Мужичок испуганно прикрыл лицо согнутым локтем.
– Погодите, Метлицын! – остановил Изенбек штабс-капитана. – А книги из библиотеки куда девались? – спросил он старика.
– Та хто их тильки не брав! Ще нимци часть у прошлому годи вывезли. А потим оти, шо пизнишэ прыйшлы, забралы. Мужыкам воны на шо, на розпал хиба та курево, а у красноармийцив був одын такый, э-э-э, – дед запнулся, подбирая сравнение. – Очочкы у нього, як у нашого князя, колы вин у чотырнадцятому годи на каникулы прыйизджав…
– Куда же они книги дели? – повторил вопрос Изенбек.
– Ага! – спохватился мужичок, – я ж и кажу, отой, шо на молодого князя схожый, у очочках и кожаний куртци, показав, шо браты, и загрузылы воны тры чи чотыры гарбы повнисиньки та кудысь повезлы: чи у Харкив, чи у самый Кыив, хто ж його знае… Ще тут сахаривци булы, а потим вже до вас никого нэ було…

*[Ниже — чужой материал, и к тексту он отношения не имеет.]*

lemma clip_mono: "s \<le> t \<Longrightarrow> clip u s \<le> clip u t"
  by (auto simp: clip_def)

lemma clip_diff_mono: "u \<le> u' \<Longrightarrow> \<bar>clip u s - clip u t\<bar> \<le> \<bar>clip u' s - clip u' t\<bar>"
  by (auto simp: clip_def min_def max_def abs_if)

lemma tendsto_clip: "(f \<longlongrightarrow> t) F \<Longrightarrow> ((\<lambda>k. clip u (f k)) \<longlongrightarrow> clip u t) F"
  unfolding clip_def by (intro tendsto_intros)

lemma trunc_eq_self: "(\<And>i. \<bar>x $ i\<bar> \<le> u) \<Longrightarrow> trunc u x = x"
  by (simp add: vec_eq_iff clip_eq_self)

lemma abs_nth_le_supnorm: "\<bar>x $ i\<bar> \<le> supnorm x"
  unfolding supnorm_def by (rule Max_ge) auto

lemma supnorm_leI: "(\<And>i. \<bar>x $ i\<bar> \<le> c) \<Longrightarrow> supnorm x \<le> c"
  unfolding supnorm_def by (subst Max_le_iff) auto

lemma supnorm_nonneg: "0 \<le> supnorm x"
  using abs_nth_le_supnorm[of x] abs_ge_zero order_trans by blast

definition displacement :: "('n::finite \<Rightarrow> real \<Rightarrow> real) \<Rightarrow> real \<Rightarrow> real" where
  "displacement l u = (SUP x. supnorm (trunc u (lam_app l x) - trunc u x))"

lemma bdd_above_displacement: "bdd_above (range (\<lambda>x. supnorm (trunc u (lam_app l x) - trunc u x)))"
proof (rule bdd_aboveI)
  fix y assume "y \<in> range (\<lambda>x. supnorm (trunc u (lam_app l x) - trunc u x))"
  then obtain x where y: "y = supnorm (trunc u (lam_app l x) - trunc u x)" by blast
  show "y \<le> 2 * \<bar>u\<bar>"
    unfolding y using clip_abs_le[of u] by (intro supnorm_leI) (simp add: abs_diff_le_iff, smt (verit))
qed

lemma supnorm_le_displacement: "supnorm (trunc u (lam_app l x) - trunc u x) \<le> displacement l u"
  unfolding displacement_def by (rule cSUP_upper[OF _ bdd_above_displacement]) auto

lemma displacement_nonneg: "0 \<le> displacement l u"
  using supnorm_le_displacement supnorm_nonneg order_trans by blast

lemma mono_displacement: "mono (displacement l)"
proof (rule monoI)
  fix u u' :: real assume "u \<le> u'"
  have "supnorm (trunc u (lam_app l x) - trunc u x) \<le> supnorm (trunc u' (lam_app l x) - trunc u' x)" for x
  proof (rule supnorm_leI)
    fix i
    have "\<bar>(trunc u (lam_app l x) - trunc u x) $ i\<bar> \<le> \<bar>(trunc u' (lam_app l x) - trunc u' x) $ i\<bar>"
      using clip_diff_mono[OF \<open>u \<le> u'\<close>] by simp
    also have "\<dots> \<le> supnorm (trunc u' (lam_app l x) - trunc u' x)"
      by (rule abs_nth_le_supnorm)
    finally show "\<bar>(trunc u (lam_app l x) - trunc u x) $ i\<bar> \<le> \<dots>" .
  qed
  then show "displacement l u \<le> displacement l u'"
    unfolding displacement_def by (intro cSUP_mono[OF _ bdd_above_displacement]) auto
qed

lemma displacement_bounds_coordinates:
  fixes l :: "'n::finite \<Rightarrow> real \<Rightarrow> real"
  assumes "displacement l u < d" "\<bar>t\<bar> + d \<le> u"
  shows "\<bar>l i t - t\<bar> < d"
proof -
  define x :: "real^'n" where "x = (\<chi> j. t)"
  have "\<bar>(trunc u (lam_app l x) - trunc u x) $ i\<bar> \<le> displacement l u"
    using abs_nth_le_supnorm supnorm_le_displacement order_trans by blast
  then have "\<bar>clip u (l i t) - clip u t\<bar> \<le> displacement l u"
    by (simp add: x_def)
  moreover have "clip u t = t"
    using assms displacement_nonneg[of l u] by (intro clip_eq_self) auto
  ultimately show ?thesis
    using assms by (auto simp: clip_def min_def max_def split: if_splits)
qed

section \<open>Integrals against the weight \<open>exp (- u)\<close> on \<open>(0, \<infinity>)\<close>\<close>

lemma integrable_exp_minus: "integrable lborel (\<lambda>u::real. indicator {0<..} u * exp (- u))"
proof -
  have "(\<lambda>x::real. exp (- x)) integrable_on {0..}"
    using integrable_on_exp_minus_to_infinity[of 1 0] by simp
  then have "(\<lambda>x::real. exp (- x)) absolutely_integrable_on {0..}"
    by (rule nonnegative_absolutely_integrable_1) auto
  then have "integrable lebesgue (\<lambda>x::real. indicat_real {0..} x *\<^sub>R exp (- x))"
    by (simp add: set_integrable_def)
  then have "integrable lborel (\<lambda>x::real. indicat_real {0..} x *\<^sub>R exp (- x))"
    by (subst (asm) integrable_completion)
      (auto intro!: borel_measurable_continuous_on_indicator continuous_intros)
  then show ?thesis
    by (rule Bochner_Integration.integrable_bound) (auto simp: indicator_def)
qed

lemma integrable_exp_weighted:
  fixes h :: "real \<Rightarrow> real"
  assumes "h \<in> borel_measurable borel" "\<And>u. \<bar>h u\<bar> \<le> 1"
  shows "integrable lborel (\<lambda>u. indicator {0<..} u *\<^sub>R (exp (- u) * h u))"
proof (rule Bochner_Integration.integrable_bound[OF integrable_exp_minus])
  have "h \<in> borel_measurable lborel" using assms(1) by simp
  then show "(\<lambda>u. indicator {0<..} u *\<^sub>R (exp (- u) * h u)) \<in> borel_measurable lborel"
    by measurable
  show "AE u in lborel. norm (indicator {0<..} u *\<^sub>R (exp (- u) * h u)) \<le> norm (indicator {0<..} u * exp (- u))"
    using assms(2) by (auto simp: indicator_def abs_mult intro!: mult_left_le)
qed

lemma exp_weighted_integral_nonneg:
  fixes h :: "real \<Rightarrow> real"
  assumes "\<And>u. 0 \<le> h u"
  shows "0 \<le> (LINT u:{0<..}|lborel. exp (- u) * h u)"
  unfolding set_lebesgue_integral_def
  using assms by (intro Bochner_Integration.integral_nonneg) (auto simp: indicator_def)

lemma exp_weighted_integral_lower_bound:
  fixes h :: "real \<Rightarrow> real"
  assumes "h \<in> borel_measurable borel" "\<And>u. 0 \<le> h u" "\<And>u. h u \<le> 1"
    and "0 < a" "0 \<le> c" "\<And>u. u \<in> {a..a+1} \<Longrightarrow> c \<le> h u"
  shows "exp (- (a+1)) * c \<le> (LINT u:{0<..}|lborel. exp (- u) * h u)"
proof -
  let ?c = "exp (- (a+1)) * c"
  have "?c = LINT u|lborel. indicator {a..a+1} u * ?c"
    by (simp add: integral_indicator measure_lborel_Icc)
  also have "\<dots> \<le> LINT u|lborel. indicator {0<..} u *\<^sub>R (exp (- u) * h u)"
  proof (rule integral_mono)
    show "integrable lborel (\<lambda>u. indicator {0<..} u *\<^sub>R (exp (- u) * h u))"
      using assms(1-3) by (intro integrable_exp_weighted) (simp_all add: abs_le_iff)
    fix u :: real
    show "indicator {a..a+1} u * ?c \<le> indicator {0<..} u *\<^sub>R (exp (- u) * h u)"
    proof (cases "u \<in> {a..a+1}")
      case True
      then have "?c \<le> exp (- u) * h u"
        using assms(5,6) by (intro mult_mono) auto
      then show ?thesis using True \<open>0 < a\<close> by (auto simp: indicator_def)
    qed (use assms(2) in \<open>auto simp: indicator_def\<close>)
  qed simp
  also have "\<dots> = (LINT u:{0<..}|lborel. exp (- u) * h u)"
    by (simp add: set_lebesgue_integral_def)
  finally show ?thesis .
qed
section \<open>Time changes with small \<open>\<gamma>\<close>\<close>

lemma gamma1_eq_displacement: "gamma1 l = (LINT u:{0<..}|lborel. exp (- u) * min 1 (displacement l u))"
  by (simp add: gamma1_def displacement_def)

lemma gamma1_nonneg: "0 \<le> gamma1 l"
  unfolding gamma1_eq_displacement
  by (intro exp_weighted_integral_nonneg) (simp add: displacement_nonneg)

lemma gamma0_nonneg: "0 \<le> gamma0 l"
  unfolding gamma0_def by (intro sum_nonneg SUP_upper2[of "(0, 1)"]) auto

lemma gamma_nonneg: "0 \<le> gamma l"
  unfolding gamma_def using gamma0_nonneg[of l] gamma1_nonneg[of l] by simp

lemma gamma1_le_gamma: "ereal (gamma1 l) \<le> gamma l"
  unfolding gamma_def using gamma0_nonneg[of l] add_increasing by blast

lemma tendsto_gamma1_zero:
  assumes "(\<lambda>n. gamma (ls n)) \<longlonglongrightarrow> 0"
  shows "(\<lambda>n. gamma1 (ls n)) \<longlonglongrightarrow> 0"
proof -
  have "(\<lambda>n. ereal (gamma1 (ls n))) \<longlonglongrightarrow> 0"
    by (rule tendsto_sandwich[OF _ _ tendsto_const assms])
      (auto simp: gamma1_nonneg gamma1_le_gamma)
  then show ?thesis by (simp add: zero_ereal_def lim_ereal)
qed

lemma displacement_le_gamma1:
  assumes "0 < u"
  shows "exp (- (u+1)) * min 1 (displacement l u) \<le> gamma1 l"
  unfolding gamma1_eq_displacement
proof (rule exp_weighted_integral_lower_bound[OF _ _ _ assms])
  show "(\<lambda>v. min 1 (displacement l v)) \<in> borel_measurable borel"
    using borel_measurable_mono[OF mono_displacement] by measurable
  show "min 1 (displacement l u) \<le> min 1 (displacement l v)" if "v \<in> {u..u+1}" for v
    using that by (intro min.mono order_refl monoD[OF mono_displacement]) auto
qed (auto simp: displacement_nonneg)

lemma eventually_close_to_id:
  assumes "(\<lambda>n. gamma (ls n)) \<longlonglongrightarrow> 0" "0 < V" "0 < d"
  shows "\<forall>\<^sub>F n in sequentially. \<forall>i t. \<bar>t\<bar> + d \<le> V \<longrightarrow> \<bar>ls n i t - t\<bar> < d"
proof -
  have "\<forall>\<^sub>F n in sequentially. gamma1 (ls n) < exp (- (V+1)) * min 1 d"
    using assms by (intro order_tendstoD(2)[OF tendsto_gamma1_zero]) auto
  then show ?thesis
  proof eventually_elim
    case (elim n)
    then have "exp (- (V+1)) * min 1 (displacement (ls n) V) < exp (- (V+1)) * min 1 d"
      using displacement_le_gamma1[OF \<open>0 < V\<close>, of "ls n"] by linarith
    then have "displacement (ls n) V < d" by (simp add: min_def split: if_splits)
    then show ?case using displacement_bounds_coordinates by blast
  qed
qed

section \<open>Regularity of the elements of \<open>D\<close>\<close>

definition is_partition :: "real^'n::finite \<Rightarrow> real^'n \<Rightarrow> ('n \<Rightarrow> nat \<Rightarrow> real) \<Rightarrow> ('n \<Rightarrow> nat) \<Rightarrow> bool" where
  "is_partition a b s m \<longleftrightarrow> (\<forall>i. s i 0 = a$i \<and> s i (m i) = b$i \<and> (\<forall>j < m i. s i j < s i (Suc j)))"

definition same_cell :: "('n \<Rightarrow> nat \<Rightarrow> real) \<Rightarrow> ('n \<Rightarrow> nat) \<Rightarrow> 'n \<Rightarrow> real \<Rightarrow> real \<Rightarrow> bool" where
  "same_cell s m i x y \<longleftrightarrow> (\<exists>j < m i. s i j \<le> x \<and> x < s i (Suc j) \<and> s i j \<le> y \<and> y < s i (Suc j))"

definition osc_on_cells_le :: "(real^'n::finite \<Rightarrow> 'a::metric_space) \<Rightarrow> ('n \<Rightarrow> nat \<Rightarrow> real) \<Rightarrow> ('n \<Rightarrow> nat) \<Rightarrow> real \<Rightarrow> bool" where
  "osc_on_cells_le \<sigma> s m \<epsilon> \<longleftrightarrow>
     (\<forall>x y. (\<forall>i. same_cell s m i (x$i) (y$i)) \<longrightarrow> dist (\<sigma> x) (\<sigma> y) \<le> \<epsilon>)"

lemma osc_on_cells_le_mono: "osc_on_cells_le \<sigma> s m \<epsilon> \<Longrightarrow> \<epsilon> \<le> \<epsilon>' \<Longrightarrow> osc_on_cells_le \<sigma> s m \<epsilon>'"
  unfolding osc_on_cells_le_def by force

К вечеру привыкшие быстро осваиваться на новом месте люди вовсю хозяйничали на княжеском подворье. Солдаты разложили большой костер и отогревались, подставляя огню то лицо, то спину, сушили портянки и выпаривали из рубах вшей. Повара раздавали горячую кашу, лошадям перепало овса и сена. Дозорные, кутаясь во влажные шинели, заняли свои места по охране всех въездных путей, ведущих в имение. Изредка доносились отдаленные звуки выстрелов, видимо, фронт сместился западнее. Эту ночь дивизион мог позволить себе передышку.
Хозяйственный Игнатий разыскал в подвале сухие коротенькие дрова для ванной и затопил титан. Обогревательные трубы были целы, и скоро по ним поднялось, разливаясь, блаженное тепло. Изенбек, Словиков, а за ними остальные офицеры с несказанным удовольствием помылись в княжеской ванной, сменили нательное белье.
Несколько солдат собрали в гостиную все более-менее целые кресла, столы, стулья и кучу прочего барахла, половину из которого Словиков приказал убрать вон.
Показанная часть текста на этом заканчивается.